The desperation in his voice makes my chest ache with something complicated and unwanted. This is Mykhol—my cousin, my constant companion, the person who pulled me from five years of isolation. He's never hurt me. He wouldn't hurt me. He's just... he gets like this sometimes. Intense. Overwhelming. It's nothing new.

So why does every instinct I have scream at me to run?

I try to rationalize it away—he's upset, he's being dramatic, this is just how he shows he cares. But my body won't listen to reason. My skin still burns where he touched me, my heart hammers against my ribs like a caged bird, and something deep in my chest keeps ringing alarm bells I can't silence.

Stop it, I tell myself. You're overreacting. It's Mykhol. He does this stuff. You know it's nothing.

But the words feel hollow, unconvincing even to myself. I swallow hard, willing the shake in my hands to still.

"I should get back to work," I manage, the words coming out steady despite the chaos in my chest.

I don't wait for his response. I turn and walk away, each step measured and deliberate despite the storm writhing under my ribs. My arms fold across my body—not from cold, but from something else entirely. Something that feels like the world tilting off its axis.

He doesn't follow immediately. I can feel his gaze burning into my back like a physical weight, tracking my retreat with an intensity that makes my shoulders tense involuntarily. The silence stretches between us, thick with unspoken accusations and shattered assumptions.

At the garden's edge, I pause. My hand rises almost without conscious thought, fingers brushing the spot on my jaw where he held me. The skin feels different somehow—marked in a way that makes my stomach churn with recognition I don't want to face.
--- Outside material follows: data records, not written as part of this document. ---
lemma tree_path_second:
  assumes "c \<in> V" "x \<in> V" "x \<noteq> c"
  shows "length (P c x) \<ge> 2" "{c, P c x ! 1} \<in> E"
proof -
  show l: "length (P c x) \<ge> 2"
    using length_tree_path[OF assms(1,2)] gdist_eq_0_iff[OF assms(1,2)] assms(3) by simp
  show "{c, P c x ! 1} \<in> E"
    using successively_nth[OF tree_path_props(5)[OF assms(1,2)], of 0] l tree_path_props(6)[OF assms(1,2)]
    by simp
qed

lemma tree_path_second_mem_nbrs: "c \<in> V \<Longrightarrow> z \<in> V \<Longrightarrow> z \<noteq> c \<Longrightarrow> P z c ! 1 \<in> nbrs z"
  using tree_path_second(2)[of z c] mem_nbrs_iff by simp

lemma branch_subset: "branch c a \<subseteq> V"
  unfolding branch_def by blast

lemma mem_branch_self: "{c,a} \<in> E \<Longrightarrow> a \<in> branch c a"
  unfolding branch_def using tree_path_edge[of c a] edge_vertices[of c a] by auto

lemma branch_disjoint: "x \<in> branch c a \<Longrightarrow> x \<in> branch c b \<Longrightarrow> a = b"
  unfolding branch_def by simp

lemma mem_branch_of_nonmajor:
  assumes "c \<in> V" "\<not> is_major V E c" "{c,a} \<in> E" "{c,b} \<in> E" "a \<noteq> b" "x \<in> V" "x \<noteq> c"
  shows "x \<in> branch c a \<or> x \<in> branch c b"
proof -
  have ab: "{a,b} \<subseteq> nbrs c" using assms(3,4) mem_nbrs_iff by auto
  have "card (nbrs c) \<le> card {a,b}"
    using assms(1,2,5) by (simp add: is_major_def degree_eq_card_nbrs)
  then have "nbrs c = {a,b}" using card_seteq[OF finite_nbrs ab] by simp
  then show ?thesis
    using tree_path_second(2)[OF assms(1,6,7)] mem_nbrs_iff assms(6,7) by (auto simp: branch_def)
qed

lemma branch_tree_path:
  assumes "c \<in> V" "x \<in> branch c a"
  shows "P c x = c # P a x" "d c x = Suc (d a x)" "a \<in> V" "{c,a} \<in> E"
proof -
  have x: "x \<in> V" "x \<noteq> c" "P c x ! 1 = a" using assms by (auto simp: branch_def)
  have l: "1 < length (P c x)" using tree_path_second(1)[OF assms(1) x(1,2)] by simp
  show e: "{c,a} \<in> E" using tree_path_second(2)[OF assms(1) x(1,2)] x by simp
  show aV: "a \<in> V" using edge_vertices e by blast
  have "P a x = drop 1 (P c x)" using tree_path_drop[OF assms(1) x(1) l] x by simp
  then show pc: "P c x = c # P a x" using tree_path_props(1,2)[OF assms(1) x(1)]
    by (cases "P c x") auto
  show "d c x = Suc (d a x)" using length_tree_path[OF assms(1) x(1)] length_tree_path[OF aV x(1)] pc
    by simp
qed

lemma tree_path_leaving_branch:
  assumes "c \<in> V" "x \<in> branch c a" "w \<in> V" "w \<notin> branch c a"
  shows "P x w = P x c @ tl (P c w)" "d x w = d x c + d c w"
proof -
  have x: "x \<in> V" "x \<noteq> c" "P c x ! 1 = a" using assms by (auto simp: branch_def)
  have "set (P x c) \<inter> set (P c w) \<subseteq> {c}"
  proof
    fix z assume z: "z \<in> set (P x c) \<inter> set (P c w)"
    show "z \<in> {c}"
    proof (rule ccontr)
      assume zc: "z \<notin> {c}"
      have "z \<in> set (P c x)" using z tree_path_rev[OF x(1) assms(1)] by simp
      then have "P c z ! 1 = a" using tree_path_nth1_eq[OF assms(1) x(1)] zc x by simp
      moreover have "w \<noteq> c" using z zc tree_path_self by auto
      ultimately have "w \<in> branch c a"
        using tree_path_nth1_eq[OF assms(1,3)] z zc assms(3) by (auto simp: branch_def)
      then show False using assms(4) by simp
    qed
  qed
  then show "P x w = P x c @ tl (P c w)" "d x w = d x c + d c w"
    using tree_path_append[OF x(1) assms(1,3)] gdist_append[OF x(1) assms(1,3)] by auto
qed

lemma branch_of_branch:
  assumes "c \<in> V" "u \<in> branch c a" "{u,v} \<in> E" "v \<noteq> P u c ! 1" "z \<in> branch u v"
  shows "z \<in> branch c a" "d c u < d c z"
proof -
  have u: "u \<in> V" "u \<noteq> c" "P c u ! 1 = a" using assms(2) by (auto simp: branch_def)
  have z: "z \<in> V" "z \<noteq> u" using assms(5) by (auto simp: branch_def)
  have "c \<notin> branch u v" using assms(4) by (auto simp: branch_def)
  then have pz: "P z c = P z u @ tl (P u c)" and dz: "d z c = d z u + d u c"
    using tree_path_leaving_branch[OF u(1) assms(5) assms(1)] by auto
  have "d z u \<noteq> 0" using gdist_eq_0_iff[OF z(1) u(1)] z(2) by blast
  then show lt: "d c u < d c z" using dz gdist_sym z(1) u(1) assms(1) by simp
  have "u \<in> set (P c z)"
    using pz tree_path_rev[OF assms(1) z(1)] tree_path_props(1,3)[OF z(1) u(1)] last_in_set
    by (metis Un_iff rev_rev_ident set_append set_rev)
  then have "P c z ! 1 = a" using tree_path_nth1_eq[OF assms(1) z(1) _ u(2)] u(3) by simp
  then show "z \<in> branch c a" using z(1) lt gdist_self[OF assms(1)] by (auto simp: branch_def)
qed

lemma edge_away_from_root:
  assumes "c \<in> V" "z \<in> V" "z \<noteq> c" "{z,t} \<in> E" "t \<noteq> P z c ! 1"
  shows "t \<in> V" "d c t = Suc (d c z)" "P c t ! 1 = P c z ! 1"
proof -
  show tV: "t \<in> V" using edge_vertices assms(4) by blast
  have tb: "t \<in> branch z t" using mem_branch_self[OF assms(4)] .
  have "c \<notin> branch z t" using assms(5) by (auto simp: branch_def)
  then have pt: "P t c = P t z @ tl (P z c)" and dt: "d t c = d t z + d z c"
    using tree_path_leaving_branch[OF assms(2) tb assms(1)] by auto
  have "d t z = 1" using gdist_edge assms(4) gdist_sym[OF assms(2) tV] by simp
  then show "d c t = Suc (d c z)" using dt gdist_sym tV assms(1,2) by simp
  have "z \<in> set (P c t)"
    using pt tree_path_rev[OF assms(1) tV] tree_path_props(1,3)[OF tV assms(2)] last_in_set
    by (metis Un_iff rev_rev_ident set_append set_rev)
  then show "P c t ! 1 = P c z ! 1"
    using tree_path_nth1_eq[OF assms(1) tV _ assms(3)] by simp
qed

lemma nbrs_of_locally_farthest:
  assumes "c \<in> V" "z \<in> V" "z \<noteq> c" "\<And>t. {z,t} \<in> E \<Longrightarrow> t \<noteq> P z c ! 1 \<Longrightarrow> d c t \<le> d c z"
  shows "nbrs z = {P z c ! 1}"
proof -
  have "t = P z c ! 1" if "{z,t} \<in> E" for t
    using assms(4)[OF that] edge_away_from_root(2)[OF assms(1-3) that] by force
  then show ?thesis using tree_path_second_mem_nbrs[OF assms(1-3)] mem_nbrs_iff by blast
qed

lemma branch_edge_away_from_root:
  assumes "c \<in> V" "z \<in> branch c a" "{z,t} \<in> E" "t \<noteq> P z c ! 1"
  shows "t \<in> branch c a"
proof -
  have z: "z \<in> V" "z \<noteq> c" "P c z ! 1 = a" using assms(2) by (auto simp: branch_def)
  note t = edge_away_from_root[OF assms(1) z(1,2) assms(3,4)]
  have "t \<noteq> c" using t(2) gdist_self[OF assms(1)] by auto
  then show ?thesis using t(1,3) z(3) by (simp add: branch_def)
qed

lemma ex_leaf:
  assumes "r \<in> V" "v \<in> V" "v \<noteq> r"
  obtains l where "l \<in> V" "l \<noteq> r" "nbrs l = {P l r ! 1}"
proof -
  obtain z where z: "z \<in> V" and zmax: "\<And>y. y \<in> V \<Longrightarrow> d r y \<le> d r z"
    using ex_max_on_finite[OF finite_V, of "d r"] assms(1) by blast
  have "z \<noteq> r" using zmax[OF assms(2)] assms gdist_eq_0_iff gdist_self by fastforce
  moreover have "\<And>t. {z,t} \<in> E \<Longrightarrow> d r t \<le> d r z"
    using zmax edge_vertices by blast
  ultimately show thesis using that z nbrs_of_locally_farthest[OF assms(1) z] by blast
qed

section \<open>Pairs not resolved by a set of vertices\<close>

lemma gdist_lt_in_branch:
  assumes "m \<in> V" "x \<in> branch m a" "y \<in> branch m b" "a \<noteq> b" "d m x = d m y" "w \<in> branch m a"
  shows "d x w < d y w"
proof -
  have xV: "x \<in> V" and yV: "y \<in> V" and wV: "w \<in> V" using assms branch_subset by auto
  have "w \<notin> branch m b" using assms branch_disjoint by metis
  then have dy: "d y w = d y m + d m w" using tree_path_leaving_branch[OF assms(1,3) wV] by simp
  have aV: "a \<in> V" using branch_tree_path[OF assms(1,2)] by simp
  have "d m x = Suc (d a x)" "d m w = Suc (d a w)" using branch_tree_path assms by auto
  then show ?thesis
    using gdist_triangle[OF aV xV wV] dy gdist_sym[OF xV aV] gdist_sym[OF yV assms(1)] assms(5)
    by linarith
qed

text \<open>Take \<open>c\<close> where the paths from some \<open>w0 \<in> W\<close> to \<open>x\<close> and \<open>y\<close> split, and \<open>a\<close>, \<open>b\<close> the next
  vertices towards \<open>x\<close>, \<open>y\<close>: any \<open>w \<in> W\<close> in the branch at \<open>a\<close> would be closer to \<open>x\<close> than to \<open>y\<close>.\<close>
lemma unresolved_pair_free_branches:
  assumes "W \<subseteq> V" "w0 \<in> W" "x \<in> V" "y \<in> V" "x \<noteq> y" "\<forall>w\<in>W. d x w = d y w"
  obtains c a b where "c \<in> V" "{c,a} \<in> E" "{c,b} \<in> E" "a \<noteq> b"
    "branch c a \<inter> W = {}" "branch c b \<inter> W = {}"
proof -
  have w0V: "w0 \<in> V" using assms by blast
  obtain m where m: "m \<in> V" "set (P m x) \<inter> set (P m y) \<subseteq> {m}"
     "d w0 x = d w0 m + d m x" "d w0 y = d w0 m + d m y"
    using branching_vertex[OF w0V assms(3,4)] by blast
  have eq: "d m x = d m y" using assms(2,6) m gdist_sym w0V assms(3,4) by force
  have xm: "x \<noteq> m" and ym: "y \<noteq> m"
    using eq gdist_eq_0_iff[OF m(1)] gdist_self[OF m(1)] assms(3-5) by metis+
  define a where "a = P m x ! 1"
  define b where "b = P m y ! 1"
  have "a \<in> set (P m x)" "b \<in> set (P m y)"
    using tree_path_second(1)[OF m(1) assms(3) xm] tree_path_second(1)[OF m(1) assms(4) ym]
      a_def b_def by auto
  moreover have "a \<noteq> m"
    using nth_eq_iff_index_eq[OF tree_path_props(4)[OF m(1) assms(3)], of 1 0]
      tree_path_second(1)[OF m(1) assms(3) xm] tree_path_props(6)[OF m(1) assms(3)] a_def by fastforce
  ultimately have ab: "a \<noteq> b" using m(2) by blast
  have xa: "x \<in> branch m a" and yb: "y \<in> branch m b"
    using a_def b_def assms(3,4) xm ym by (auto simp: branch_def)
  have "branch m a \<inter> W = {}" "branch m b \<inter> W = {}"
    using gdist_lt_in_branch[OF m(1) xa yb ab eq] gdist_lt_in_branch[OF m(1) yb xa ab[symmetric] eq[symmetric]]
      assms(6) by fastforce+
  then show thesis
    using that m(1) ab tree_path_second(2)[OF m(1) assms(3) xm] tree_path_second(2)[OF m(1) assms(4) ym]
      a_def b_def by blast
qed

text \<open>A tree without major vertices is a path, resolved by one of its end vertices.\<close>
lemma resolving_vertex_if_no_major:
  assumes "\<forall>v. \<not> is_major V E v" "r \<in> V"
  obtains l where "l \<in> V" "\<forall>x\<in>V. \<forall>y\<in>V. d x l = d y l \<longrightarrow> x = y"
proof (cases "\<exists>v\<in>V. v \<noteq> r")
  case False
  then have "\<forall>x\<in>V. \<forall>y\<in>V. x = y" using assms(2) by metis
  then show thesis using that[OF assms(2)] by blast
next
  case True
  then obtain v where "v \<in> V" "v \<noteq> r" by blast
  then obtain l where l: "l \<in> V" "l \<noteq> r" "nbrs l = {P l r ! 1}" by (rule ex_leaf[OF assms(2)])
  have "x = y" if xy: "x \<in> V" "y \<in> V" "d x l = d y l" for x y
  proof (rule ccontr)
    assume "x \<noteq> y"
    obtain c a b where c: "c \<in> V" "{c,a} \<in> E" "{c,b} \<in> E" "a \<noteq> b"
      "branch c a \<inter> {l} = {}" "branch c b \<inter> {l} = {}"
      by (rule unresolved_pair_free_branches[of "{l}" l x y]) (use l(1) xy \<open>x \<noteq> y\<close> in auto)
    have "a \<in> nbrs c" "b \<in> nbrs c" using c(2,3) mem_nbrs_iff by auto
    then have "l \<noteq> c" using l(3) c(4) by auto
    then show False using mem_branch_of_nonmajor[OF c(1) _ c(2-4) l(1)] assms(1) c(5,6) by auto
  qed
  then show thesis using that l(1) by blast
qed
Behind me, I hear the soft crush of footsteps on grass, the whisper of fabric as he finally moves. But he doesn't call out, doesn't demand I return or explain myself. The silence feels heavier than words would have.

Something has shifted between us, fundamental and irreversible. A line has been crossed that I didn't even know existed until I found myself on the wrong side of it.

For the first time in my life, Mykhol—my compaion, my constant—feels like a stranger wearing a familiar face.

And I have absolutely no idea what that means? What just happened? Or what I'm supposed to do about it.